[Stored data entries]
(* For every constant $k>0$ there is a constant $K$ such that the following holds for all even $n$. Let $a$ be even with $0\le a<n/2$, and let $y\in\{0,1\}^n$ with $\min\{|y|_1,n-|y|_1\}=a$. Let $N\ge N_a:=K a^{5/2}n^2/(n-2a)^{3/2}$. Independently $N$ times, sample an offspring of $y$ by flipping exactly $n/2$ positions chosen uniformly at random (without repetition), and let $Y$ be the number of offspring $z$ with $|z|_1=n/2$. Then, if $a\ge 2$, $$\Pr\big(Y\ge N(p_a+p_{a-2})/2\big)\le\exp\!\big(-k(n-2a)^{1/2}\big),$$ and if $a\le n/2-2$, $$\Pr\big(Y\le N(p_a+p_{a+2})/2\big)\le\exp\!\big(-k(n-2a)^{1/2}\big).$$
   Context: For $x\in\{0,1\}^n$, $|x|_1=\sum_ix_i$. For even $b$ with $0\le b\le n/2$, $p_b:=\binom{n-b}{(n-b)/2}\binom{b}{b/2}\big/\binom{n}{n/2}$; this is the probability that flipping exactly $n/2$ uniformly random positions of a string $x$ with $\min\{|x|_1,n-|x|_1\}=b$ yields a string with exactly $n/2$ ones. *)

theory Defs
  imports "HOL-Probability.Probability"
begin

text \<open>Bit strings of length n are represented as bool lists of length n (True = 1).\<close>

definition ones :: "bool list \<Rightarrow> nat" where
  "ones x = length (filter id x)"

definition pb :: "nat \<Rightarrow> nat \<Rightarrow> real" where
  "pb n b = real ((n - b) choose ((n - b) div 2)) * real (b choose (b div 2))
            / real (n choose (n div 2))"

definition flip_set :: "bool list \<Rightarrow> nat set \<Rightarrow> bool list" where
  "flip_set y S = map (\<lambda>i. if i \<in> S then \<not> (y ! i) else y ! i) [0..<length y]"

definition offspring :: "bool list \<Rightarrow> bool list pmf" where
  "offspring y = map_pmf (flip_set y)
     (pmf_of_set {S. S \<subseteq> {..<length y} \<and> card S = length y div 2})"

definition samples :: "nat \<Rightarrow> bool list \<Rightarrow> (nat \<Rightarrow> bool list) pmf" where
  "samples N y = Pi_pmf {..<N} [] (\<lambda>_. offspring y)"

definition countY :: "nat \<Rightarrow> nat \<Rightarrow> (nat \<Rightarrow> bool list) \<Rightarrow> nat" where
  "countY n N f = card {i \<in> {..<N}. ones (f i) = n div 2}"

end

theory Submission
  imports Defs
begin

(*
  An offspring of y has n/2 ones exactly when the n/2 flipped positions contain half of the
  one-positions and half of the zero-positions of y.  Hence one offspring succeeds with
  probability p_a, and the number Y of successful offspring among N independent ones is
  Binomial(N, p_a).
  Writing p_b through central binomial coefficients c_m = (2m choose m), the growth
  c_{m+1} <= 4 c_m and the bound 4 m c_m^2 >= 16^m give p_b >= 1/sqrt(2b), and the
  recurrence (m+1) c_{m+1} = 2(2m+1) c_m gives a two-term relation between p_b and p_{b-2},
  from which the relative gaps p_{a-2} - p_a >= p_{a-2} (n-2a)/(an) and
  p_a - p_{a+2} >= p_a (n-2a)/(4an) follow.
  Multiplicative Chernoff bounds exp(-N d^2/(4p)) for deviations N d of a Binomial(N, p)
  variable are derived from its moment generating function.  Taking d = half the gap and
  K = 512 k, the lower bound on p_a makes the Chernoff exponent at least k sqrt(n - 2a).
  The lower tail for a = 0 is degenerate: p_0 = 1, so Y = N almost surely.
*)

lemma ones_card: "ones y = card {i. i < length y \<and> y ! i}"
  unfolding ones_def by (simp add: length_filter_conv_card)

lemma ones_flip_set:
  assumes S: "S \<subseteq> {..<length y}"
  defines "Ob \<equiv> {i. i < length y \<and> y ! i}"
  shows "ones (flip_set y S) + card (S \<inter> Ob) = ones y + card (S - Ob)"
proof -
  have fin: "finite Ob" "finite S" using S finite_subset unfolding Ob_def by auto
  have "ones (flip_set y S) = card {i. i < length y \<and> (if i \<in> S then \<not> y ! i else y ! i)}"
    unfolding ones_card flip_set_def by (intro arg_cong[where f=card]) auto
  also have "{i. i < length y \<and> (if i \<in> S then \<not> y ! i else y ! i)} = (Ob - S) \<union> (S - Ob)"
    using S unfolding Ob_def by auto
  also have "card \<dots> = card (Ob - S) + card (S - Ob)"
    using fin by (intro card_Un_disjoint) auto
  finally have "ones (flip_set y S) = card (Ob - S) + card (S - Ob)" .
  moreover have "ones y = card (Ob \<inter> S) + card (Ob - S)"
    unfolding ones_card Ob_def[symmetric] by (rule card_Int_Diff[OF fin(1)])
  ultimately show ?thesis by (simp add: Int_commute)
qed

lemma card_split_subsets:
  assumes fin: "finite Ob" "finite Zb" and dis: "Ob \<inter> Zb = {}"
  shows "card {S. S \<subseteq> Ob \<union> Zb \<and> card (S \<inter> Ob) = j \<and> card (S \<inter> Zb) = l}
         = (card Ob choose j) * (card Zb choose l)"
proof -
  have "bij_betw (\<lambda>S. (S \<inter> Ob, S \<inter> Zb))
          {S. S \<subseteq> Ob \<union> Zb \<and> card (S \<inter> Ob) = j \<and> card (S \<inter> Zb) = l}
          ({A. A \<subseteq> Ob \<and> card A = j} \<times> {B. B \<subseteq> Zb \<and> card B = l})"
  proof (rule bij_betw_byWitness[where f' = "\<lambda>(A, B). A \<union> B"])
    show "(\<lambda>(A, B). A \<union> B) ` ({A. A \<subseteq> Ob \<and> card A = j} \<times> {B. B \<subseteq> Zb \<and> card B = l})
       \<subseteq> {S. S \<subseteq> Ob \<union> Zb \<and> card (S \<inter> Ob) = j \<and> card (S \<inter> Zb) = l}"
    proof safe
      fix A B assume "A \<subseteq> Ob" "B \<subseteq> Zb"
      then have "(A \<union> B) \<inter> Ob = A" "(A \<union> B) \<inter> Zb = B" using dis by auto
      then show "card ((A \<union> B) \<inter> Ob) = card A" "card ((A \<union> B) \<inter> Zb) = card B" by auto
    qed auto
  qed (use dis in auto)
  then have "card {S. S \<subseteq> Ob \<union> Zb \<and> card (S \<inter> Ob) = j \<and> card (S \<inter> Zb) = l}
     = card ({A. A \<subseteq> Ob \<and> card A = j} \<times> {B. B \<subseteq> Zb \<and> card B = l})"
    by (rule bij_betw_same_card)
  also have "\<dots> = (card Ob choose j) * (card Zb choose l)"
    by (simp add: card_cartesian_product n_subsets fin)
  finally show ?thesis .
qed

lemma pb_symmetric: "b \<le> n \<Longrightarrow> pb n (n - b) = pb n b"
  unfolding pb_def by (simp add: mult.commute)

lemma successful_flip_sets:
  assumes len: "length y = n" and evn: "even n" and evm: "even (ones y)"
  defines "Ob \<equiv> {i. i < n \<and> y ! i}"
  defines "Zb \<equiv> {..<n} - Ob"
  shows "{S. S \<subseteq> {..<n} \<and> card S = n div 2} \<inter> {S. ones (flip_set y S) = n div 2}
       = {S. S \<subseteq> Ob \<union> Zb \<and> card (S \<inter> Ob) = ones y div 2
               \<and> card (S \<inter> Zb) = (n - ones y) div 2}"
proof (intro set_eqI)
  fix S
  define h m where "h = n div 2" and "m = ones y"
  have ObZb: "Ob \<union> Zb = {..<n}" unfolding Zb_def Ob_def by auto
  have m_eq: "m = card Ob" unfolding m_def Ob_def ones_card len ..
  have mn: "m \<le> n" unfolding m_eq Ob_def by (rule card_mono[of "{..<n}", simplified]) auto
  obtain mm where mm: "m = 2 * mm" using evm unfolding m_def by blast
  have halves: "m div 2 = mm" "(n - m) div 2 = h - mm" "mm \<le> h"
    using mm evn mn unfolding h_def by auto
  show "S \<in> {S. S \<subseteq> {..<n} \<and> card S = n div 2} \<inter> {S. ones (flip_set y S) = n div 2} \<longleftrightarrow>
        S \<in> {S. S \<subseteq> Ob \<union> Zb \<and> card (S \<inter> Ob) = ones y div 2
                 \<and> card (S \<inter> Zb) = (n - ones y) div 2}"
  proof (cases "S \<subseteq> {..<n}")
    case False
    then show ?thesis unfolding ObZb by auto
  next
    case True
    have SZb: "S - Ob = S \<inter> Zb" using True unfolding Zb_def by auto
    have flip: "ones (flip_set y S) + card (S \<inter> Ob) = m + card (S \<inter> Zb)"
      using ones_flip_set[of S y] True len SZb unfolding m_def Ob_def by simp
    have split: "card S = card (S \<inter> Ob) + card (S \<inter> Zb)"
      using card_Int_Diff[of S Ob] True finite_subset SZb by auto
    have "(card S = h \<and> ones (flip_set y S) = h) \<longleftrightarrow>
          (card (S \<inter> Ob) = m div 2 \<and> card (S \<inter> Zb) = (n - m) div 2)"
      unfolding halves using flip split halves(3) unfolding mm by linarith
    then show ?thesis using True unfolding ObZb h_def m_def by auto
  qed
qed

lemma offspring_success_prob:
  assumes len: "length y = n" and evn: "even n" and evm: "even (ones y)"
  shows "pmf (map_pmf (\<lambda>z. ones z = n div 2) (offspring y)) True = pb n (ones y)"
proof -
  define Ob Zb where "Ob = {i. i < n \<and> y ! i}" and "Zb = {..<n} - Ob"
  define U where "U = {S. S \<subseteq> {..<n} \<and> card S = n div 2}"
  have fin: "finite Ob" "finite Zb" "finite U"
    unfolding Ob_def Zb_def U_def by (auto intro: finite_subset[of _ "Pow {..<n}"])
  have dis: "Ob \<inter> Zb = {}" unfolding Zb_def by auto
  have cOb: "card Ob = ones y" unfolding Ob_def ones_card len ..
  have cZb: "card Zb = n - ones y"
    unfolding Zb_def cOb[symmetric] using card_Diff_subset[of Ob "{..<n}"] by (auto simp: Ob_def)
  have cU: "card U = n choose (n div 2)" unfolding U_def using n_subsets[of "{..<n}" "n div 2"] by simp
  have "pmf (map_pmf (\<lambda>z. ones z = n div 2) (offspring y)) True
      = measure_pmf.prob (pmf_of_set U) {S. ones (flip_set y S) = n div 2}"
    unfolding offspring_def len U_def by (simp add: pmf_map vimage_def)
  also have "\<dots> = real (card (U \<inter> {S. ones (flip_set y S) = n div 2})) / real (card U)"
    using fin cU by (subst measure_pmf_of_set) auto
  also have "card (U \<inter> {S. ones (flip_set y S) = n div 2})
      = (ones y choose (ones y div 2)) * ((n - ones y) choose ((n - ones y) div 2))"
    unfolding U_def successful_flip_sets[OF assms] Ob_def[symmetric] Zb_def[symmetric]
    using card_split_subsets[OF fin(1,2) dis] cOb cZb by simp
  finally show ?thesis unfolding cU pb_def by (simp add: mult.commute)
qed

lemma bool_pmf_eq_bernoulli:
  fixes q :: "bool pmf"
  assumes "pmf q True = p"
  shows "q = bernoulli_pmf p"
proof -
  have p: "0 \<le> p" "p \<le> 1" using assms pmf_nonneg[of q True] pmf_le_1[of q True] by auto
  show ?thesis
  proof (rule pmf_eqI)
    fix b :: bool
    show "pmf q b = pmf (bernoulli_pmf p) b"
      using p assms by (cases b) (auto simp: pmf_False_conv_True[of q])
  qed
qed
==
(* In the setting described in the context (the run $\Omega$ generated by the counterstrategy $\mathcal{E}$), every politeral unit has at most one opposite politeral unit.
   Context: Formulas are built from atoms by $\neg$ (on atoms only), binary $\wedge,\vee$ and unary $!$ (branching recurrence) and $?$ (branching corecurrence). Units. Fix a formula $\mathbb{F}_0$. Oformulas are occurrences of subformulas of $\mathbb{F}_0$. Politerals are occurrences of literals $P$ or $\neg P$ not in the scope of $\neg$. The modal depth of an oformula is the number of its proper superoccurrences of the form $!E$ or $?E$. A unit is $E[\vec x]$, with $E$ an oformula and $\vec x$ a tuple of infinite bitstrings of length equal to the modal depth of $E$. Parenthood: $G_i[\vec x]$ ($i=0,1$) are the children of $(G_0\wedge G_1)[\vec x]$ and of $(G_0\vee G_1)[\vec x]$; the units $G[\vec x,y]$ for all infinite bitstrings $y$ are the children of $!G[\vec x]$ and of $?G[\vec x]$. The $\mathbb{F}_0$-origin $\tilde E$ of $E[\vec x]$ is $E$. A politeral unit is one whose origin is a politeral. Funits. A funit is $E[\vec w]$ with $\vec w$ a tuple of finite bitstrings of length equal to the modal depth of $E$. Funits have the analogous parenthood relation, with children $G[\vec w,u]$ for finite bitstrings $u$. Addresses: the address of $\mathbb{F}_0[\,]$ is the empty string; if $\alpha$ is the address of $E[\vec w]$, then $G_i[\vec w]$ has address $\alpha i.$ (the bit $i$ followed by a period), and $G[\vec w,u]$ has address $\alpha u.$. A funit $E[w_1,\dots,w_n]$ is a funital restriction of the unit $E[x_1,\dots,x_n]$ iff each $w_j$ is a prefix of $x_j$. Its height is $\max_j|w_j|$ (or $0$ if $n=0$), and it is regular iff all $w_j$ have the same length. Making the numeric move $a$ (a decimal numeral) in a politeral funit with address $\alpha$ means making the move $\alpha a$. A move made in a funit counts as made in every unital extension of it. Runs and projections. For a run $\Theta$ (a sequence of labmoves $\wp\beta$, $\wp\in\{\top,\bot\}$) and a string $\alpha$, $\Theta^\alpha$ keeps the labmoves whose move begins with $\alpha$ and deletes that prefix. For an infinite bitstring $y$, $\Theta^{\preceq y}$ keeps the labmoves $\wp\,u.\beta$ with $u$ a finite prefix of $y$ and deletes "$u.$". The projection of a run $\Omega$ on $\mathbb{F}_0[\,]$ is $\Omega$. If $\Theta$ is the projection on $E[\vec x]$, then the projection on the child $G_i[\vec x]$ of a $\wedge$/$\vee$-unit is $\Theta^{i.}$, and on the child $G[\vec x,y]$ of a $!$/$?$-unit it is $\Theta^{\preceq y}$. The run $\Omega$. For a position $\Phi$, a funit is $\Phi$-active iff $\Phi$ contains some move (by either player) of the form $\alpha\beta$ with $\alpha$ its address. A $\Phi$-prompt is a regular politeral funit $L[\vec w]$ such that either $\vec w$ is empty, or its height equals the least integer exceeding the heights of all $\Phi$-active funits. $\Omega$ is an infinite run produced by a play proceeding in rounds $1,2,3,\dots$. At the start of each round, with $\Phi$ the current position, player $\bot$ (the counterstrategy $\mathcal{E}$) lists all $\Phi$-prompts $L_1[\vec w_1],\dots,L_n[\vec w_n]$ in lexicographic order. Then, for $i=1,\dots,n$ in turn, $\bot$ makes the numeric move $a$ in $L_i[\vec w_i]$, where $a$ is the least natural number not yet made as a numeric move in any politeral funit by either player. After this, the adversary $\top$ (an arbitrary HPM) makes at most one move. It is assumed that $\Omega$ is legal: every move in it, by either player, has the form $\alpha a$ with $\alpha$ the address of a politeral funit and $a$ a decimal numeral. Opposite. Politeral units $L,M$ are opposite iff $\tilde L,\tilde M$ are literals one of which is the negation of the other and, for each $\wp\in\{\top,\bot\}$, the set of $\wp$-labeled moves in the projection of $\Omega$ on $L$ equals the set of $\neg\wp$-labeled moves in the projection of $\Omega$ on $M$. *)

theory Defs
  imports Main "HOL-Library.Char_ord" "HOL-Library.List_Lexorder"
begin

Directions for this task:
All lines above from the one with "unfolding Ob_def Zb_def" to the one with "Zb = n - ones", inclusive, should be copied exactly, and no other lines.

Answer for this exercise:
    unfolding Ob_def Zb_def U_def by (auto intro: finite_subset[of _ "Pow {..<n}"])
  have dis: "Ob \<inter> Zb = {}" unfolding Zb_def by auto
  have cOb: "card Ob = ones y" unfolding Ob_def ones_card len ..
  have cZb: "card Zb = n - ones y"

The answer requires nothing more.